At the east corner is a tile-clad, curved four-storey entrance bay. The ground floor consists of several setback 1980s double doors with brass handles, separated by piers that support the first-floor balcony. Near the base of two of the piers are tiles which include raised lettering reading 'ARCHITECTS / J STANLEY BEARD & CLARE/ F F R I B A' and 'CONTRACTORS. /BOVIS, LIMTED./1930.'. Above the entrance is a curving billboard which has been replaced several times; behind which is the original first-floor balcony with metal railings. In front of the set-back upper three floors are four giant-order Corinthian columns with decorative capitals, as well as a pair of square pilasters. Attached to the columns are torchères added in the 1980s. Between the columns are windows, set within bronze panelling; above the second-floor windows are small pediments with shell decoration. Some of the glazing has been replaced; the original lead-pane amber and blue coloured glazing survives within the third floor as well as within the margin glazing of the second-floor windows. Above is a curving entablature topped by balustrading set between square piers; the piers were originally topped by urns which have been removed. The cornerpiece has a large stepped tiled parapet with blue incised scroll decoration.
The Fulham Road elevation, has seven bays, two tile-clad, projecting canted end bays and five set-back central bays. The canted bays each include a two-storey, round arched window with Vitruvian scroll keystones containing early multi-pane, metal frames. Below are recessed blue-tile aprons with laurel wreath decoration, above square windows with large metal grilles. The south-west bay also has a blocked ground-floor opening and a door to the basement. There are further narrow ground-floor windows on the corner returns. Between the end bays, the central five bays have cream tiling on the ground floor, brick upper floors and a basement level below delineated by a wall to the front comprising piers and panels of decorative ironwork. Two sets of ground floor doors at each end are accessed via steps with balustrades that sail over the basement level. Between the doors are three large ground floor windows which have been lowered to create larger picture windows. In front of the central three bays is a first floor, tile-clad Juliette balcony supported by console brackets, with a metal balustrade; earlier ornamental torch lighting attached to the balustrade has been removed. The first and second-floor windows retain the original metal-frame margin glazing bars. The three central windows are set within tall round arches topped by shell motifs and large keystones. The flanking windows are within brick plain reveals. There is a tile band above, with three square windows in plain brick reveals; the central window has been replaced by louvered shutters while the flanking windows retain their large diamond glazing bars. The parapet is tile-clad and a tall brick stack rises above at the south-west corner.

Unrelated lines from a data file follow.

lemma future_causal_time_direction: "t > 0 \<Longrightarrow> future_causal (t, 0)"
  by (simp add: future_causal_def prod_eq_iff)

text \<open>The \<open>+ 1\<close> in the height keeps the steps nonzero (hence causal) when \<open>x = y\<close>.\<close>

definition zigzag_height :: "real ^ 'n \<Rightarrow> real ^ 'n \<Rightarrow> nat \<Rightarrow> real" where
  "zigzag_height x y N = (norm (y - x) + 1) / (2 * real N)"

definition zigzag :: "real ^ 'n \<Rightarrow> real ^ 'n \<Rightarrow> nat \<Rightarrow> nat \<Rightarrow> ('n::finite) mpoint" where
  "zigzag x y N i =
     (if even i then 0 else zigzag_height x y N, x + (real i / (2 * real N)) *\<^sub>R (y - x))"

lemma zigzag_step:
  assumes "N \<ge> 1"
  shows "future_causal (zigzag x y N (Suc i) - zigzag x y N i) \<or>
         past_causal (zigzag x y N (Suc i) - zigzag x y N i)"
    and "\<bar>tau (zigzag x y N (Suc i)) - tau (zigzag x y N i)\<bar> = zigzag_height x y N ^ 3"
proof -
  define v where "v = zigzag x y N"
  define h where "h = zigzag_height x y N"
  have h_pos: "h > 0"
    using assms by (simp add: h_def zigzag_height_def add_nonneg_pos)
  have "snd (v (Suc i) - v i) = (real (Suc i) / (2 * real N) - real i / (2 * real N)) *\<^sub>R (y - x)"
    by (simp add: v_def zigzag_def scaleR_diff_left)
  also have "\<dots> = (1 / (2 * real N)) *\<^sub>R (y - x)"
    by (simp add: diff_divide_distrib[symmetric])
  finally have "norm (snd (v (Suc i) - v i)) = norm (y - x) / (2 * real N)"
    using assms by simp
  also have "\<dots> \<le> h"
    using assms by (simp add: h_def zigzag_height_def divide_right_mono)
  finally have "norm (snd (v (Suc i) - v i)) ^ 2 \<le> h ^ 2"
    by (simp add: power_mono)
  then have "(future_causal (v (Suc i) - v i) \<or> past_causal (v (Suc i) - v i))
      \<and> \<bar>tau (v (Suc i)) - tau (v i)\<bar> = h ^ 3"
    using h_pos
    by (cases "even i") (auto simp: future_causal_def past_causal_def v_def zigzag_def
        tau_def prod_eq_iff h_def)
  then show "future_causal (zigzag x y N (Suc i) - zigzag x y N i) \<or>
         past_causal (zigzag x y N (Suc i) - zigzag x y N i)"
    and "\<bar>tau (zigzag x y N (Suc i)) - tau (zigzag x y N i)\<bar> = zigzag_height x y N ^ 3"
    by (simp_all add: v_def h_def)
qed

lemma causal_chain_zigzag: "N \<ge> 1 \<Longrightarrow> causal_chain (zigzag x y N) (2 * N)"
  unfolding causal_chain_def using zigzag_step(1) by blast

lemma chain_length_zigzag:
  assumes "N \<ge> 1"
  shows "chain_length (zigzag x y N) (2 * N) = (norm (y - x) + 1) ^ 3 / (4 * real N ^ 2)"
proof -
  have "chain_length (zigzag x y N) (2 * N) = 2 * real N * zigzag_height x y N ^ 3"
    using zigzag_step(2)[OF assms, of x y] by (simp add: chain_length_def)
  then show ?thesis
    using assms by (simp add: zigzag_height_def power_divide power3_eq_cube power2_eq_square)
qed
(* Consider any run of TruVaR (defined in the context), in BO or LSE mode, under the Submodularity Assumption. Let $t\ge1$ be such that the epoch index in effect when $x_t$ is chosen and when $x_{t+1}$ is chosen is the same value $i$ (i.e. the while-loop at the end of step $t$ does not increment $i$). For $s\in\{t,t+1\}$ define, for finite multisets $S$ of points of $D$, $$g_s(S)=\sum_{\bar x\in M_{s-1}}\max\Big\{\sigma^2_{s-1}(\bar x),\tfrac{\eta_{(i)}^2}{\beta_{(i)}}\Big\}-\sum_{\bar x\in M_{s-1}}\max\Big\{\sigma^2_{s-1|S}(\bar x),\tfrac{\eta_{(i)}^2}{\beta_{(i)}}\Big\},\qquad g_{s,\max}=\sum_{\bar x\in M_{s-1}}\max\Big\{0,\ \sigma^2_{s-1}(\bar x)-\tfrac{\eta_{(i)}^2}{\beta_{(i)}}\Big\}.$$ Suppose $g_{t,\max}>0$ and let $S_t^*$ be a multiset of minimum cost $c(S)$ among those with $g_t(S)=g_{t,\max}$. Then $$g_{t+1,\max}\ \le\ \Big(1-\frac{c(x_t)}{c(S_t^* )}\Big)\,g_{t,\max}.$$
   Context: Setting. $D$ is a finite set. The unknown function $f:D\to\mathbb R$ is a sample from a zero-mean Gaussian process with known kernel $k$ satisfying $k(x,x)=1$ for all $x\in D$. There is a known noise-variance function $\sigma^2(\cdot):D\to(0,\infty)$ and a known cost function $c:D\to(0,\infty)$. At step $t$ the algorithm queries $x_t\in D$ and observes $y_t=f(x_t)+z_t$ with $z_t\sim N(0,\sigma^2(x_t))$ independent of everything else. Posterior after $t$ steps: $\mu_t(x)=\mathbf k_t(x)^T(\mathbf K_t+\Sigma_t)^{-1}\mathbf y_t$ and $\sigma_t^2(x)=k(x,x)-\mathbf k_t(x)^T(\mathbf K_t+\Sigma_t)^{-1}\mathbf k_t(x)$, where $\mathbf k_t(x)=[k(x_j,x)]_{j=1}^t$, $\mathbf K_t=[k(x_j,x_{j'})]_{j,j'=1}^t$, $\Sigma_t=\mathrm{diag}(\sigma^2(x_1),\dots,\sigma^2(x_t))$, $\mathbf y_t=(y_1,\dots,y_t)^T$. For a finite multiset $S$ of points of $D$, $\sigma^2_{t|S}(\bar x)$ is the posterior variance of $f(\bar x)$ given noisy observations at $x_1,\dots,x_t$ and additionally at every point of $S$ (with multiplicity); $\sigma_{t|x}:=\sigma_{t|\{x\}}$; $c(S)=\sum_{x\in S}c(x)$ counted with multiplicity. Algorithm TruVaR. Parameters: $\bar\delta>0$, $r\in(0,1)$, $\eta_{(1)}>0$, a sequence $\beta_{(1)},\beta_{(2)},\dots>0$, and in LSE mode a threshold $h\in\mathbb R$. Initialize epoch index $i=1$, $M_0=D$, and (LSE) $H_0=L_0=\emptyset$. For $t=1,2,\dots$: (1) choose $x_t\in\arg\max_{x\in D}\frac{1}{c(x)}\Big[\sum_{\bar x\in M_{t-1}}\max\{\beta_{(i)}\sigma^2_{t-1}(\bar x),\eta_{(i)}^2\}-\sum_{\bar x\in M_{t-1}}\max\{\beta_{(i)}\sigma^2_{t-1|x}(\bar x),\eta_{(i)}^2\}\Big]$; (2) observe $y_t$, compute $\mu_t,\sigma_t$, and set $u_t=\mu_t+\beta_{(i)}^{1/2}\sigma_t$, $\ell_t=\mu_t-\beta_{(i)}^{1/2}\sigma_t$ (current $i$). In BO mode set $M_t=\{x\in M_{t-1}: u_t(x)\ge\max_{\bar x\in M_{t-1}}\ell_t(\bar x)\}$. In LSE mode set $M_t=\{x\in M_{t-1}: u_t(x)\ge h\text{ and }\ell_t(x)\le h\}$, $H_t=H_{t-1}\cup\{x\in M_{t-1}:\ell_t(x)>h\}$, $L_t=L_{t-1}\cup\{x\in M_{t-1}:u_t(x)<h\}$; (3) while $\max_{x\in M_t}\beta_{(i)}^{1/2}\sigma_t(x)\le(1+\bar\delta)\eta_{(i)}$: increment $i$ and set $\eta_{(i)}=r\,\eta_{(i-1)}$. Submodularity Assumption: for every $t\ge0$, every choice of previously selected points $x_1,\dots,x_t$, and every $x\in D$, the set function $S\mapsto\sigma_t^2(x)-\sigma^2_{t|S}(x)$ (on finite multisets of $D$) is submodular. *)

theory Defs
  imports "Jordan_Normal_Form.Gauss_Jordan_Elimination" "HOL-Library.Multiset"
begin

The brick-faced Cavaye Place elevation includes a row of fire exits at its south end. It has an irregular fenestration, with the main concentration of metal casement windows at the south end; the rest of the elevation is largely uninterupted brickwork which displays some modifications including the replacement of doors with windows, and some boarded-up openings. This elevation, which includes shallow recesses divided by brick pilasters at the north end, is partially obscured by an adjacent terrace.
At the south end of the Drayton Gardens elevation is another tile-clad, canted corner bay which includes a tall round-arch shallow recess and blocked opening below; both with large keystones. There is a blocked ground-floor entrance at the base of this bay. The rest of the elevation is brick with some tile details. The five-bay, three-storey elevation has a central ground floor former door, which has been replaced by a window. Above is a metal cantilevered canopy. Above the canopy, the elevation includes five recessed panels, with brick and tile surrounds, divided by brick pilasters with decorative tile capitals. At the north end of this elevation is a four-storey block flanked by two-storey blocks. The ground floor includes further entrances which provide access to the former backstage area; this includes a tall, two storey, flat-arch opening at the north end, originally the scenery entrance, which has been partially infilled and has a later door inserted. The windows at this end are multi-pane metal casements of various dates. There have also been some later brick patch repairs and infill additions.
There is a large hipped roof over the auditorium with metal fire escapes and a smaller hipped-roof lantern over part of the north end, where there has also been an additional storey added over part of the former fly tower. Other later additions to the roofscape include plant structures and a tall brick vent tower that has been added to the south-west corner of the building.
INTERIOR: the building's interior principally consists of six cinema screens located over three levels within the main auditorium and former stage area. These screens were added piecemeal between the 1970s and 1990s, with various phases of refurbishment; the current appearance of the screens dates to 2019. Screens 3 and 6 have been inserted into the north end of the building, resulting in the partial infilling of the fly tower, and the loss of stage area and dressing rooms below. The is little visable evidence for the auditorium’s 1930s decoration. The lower part of at least one fluted Corinthian pilaster is visible at first-floor level at the top of the fire escape in the north-west corner of the building. Also at this end, at the ground floor, is a small section of a plaster band with scroll-detailing. Other visible surviving elements of the 1930s auditorium include the remains of the gilded band of the proscenium arch within screen 3 at the first floor. Within a modern projector room to the rear of screens 4 and 5 on the ground-floor level, a section of the original ceiling under the circle balcony, including plaster decoration and beams, is also visible. It is unclear to what extent other parts of the 1930s auditorium decoration that lined the walls or the proscenium arch have survived behind the later wall coverings and inserted ceilings.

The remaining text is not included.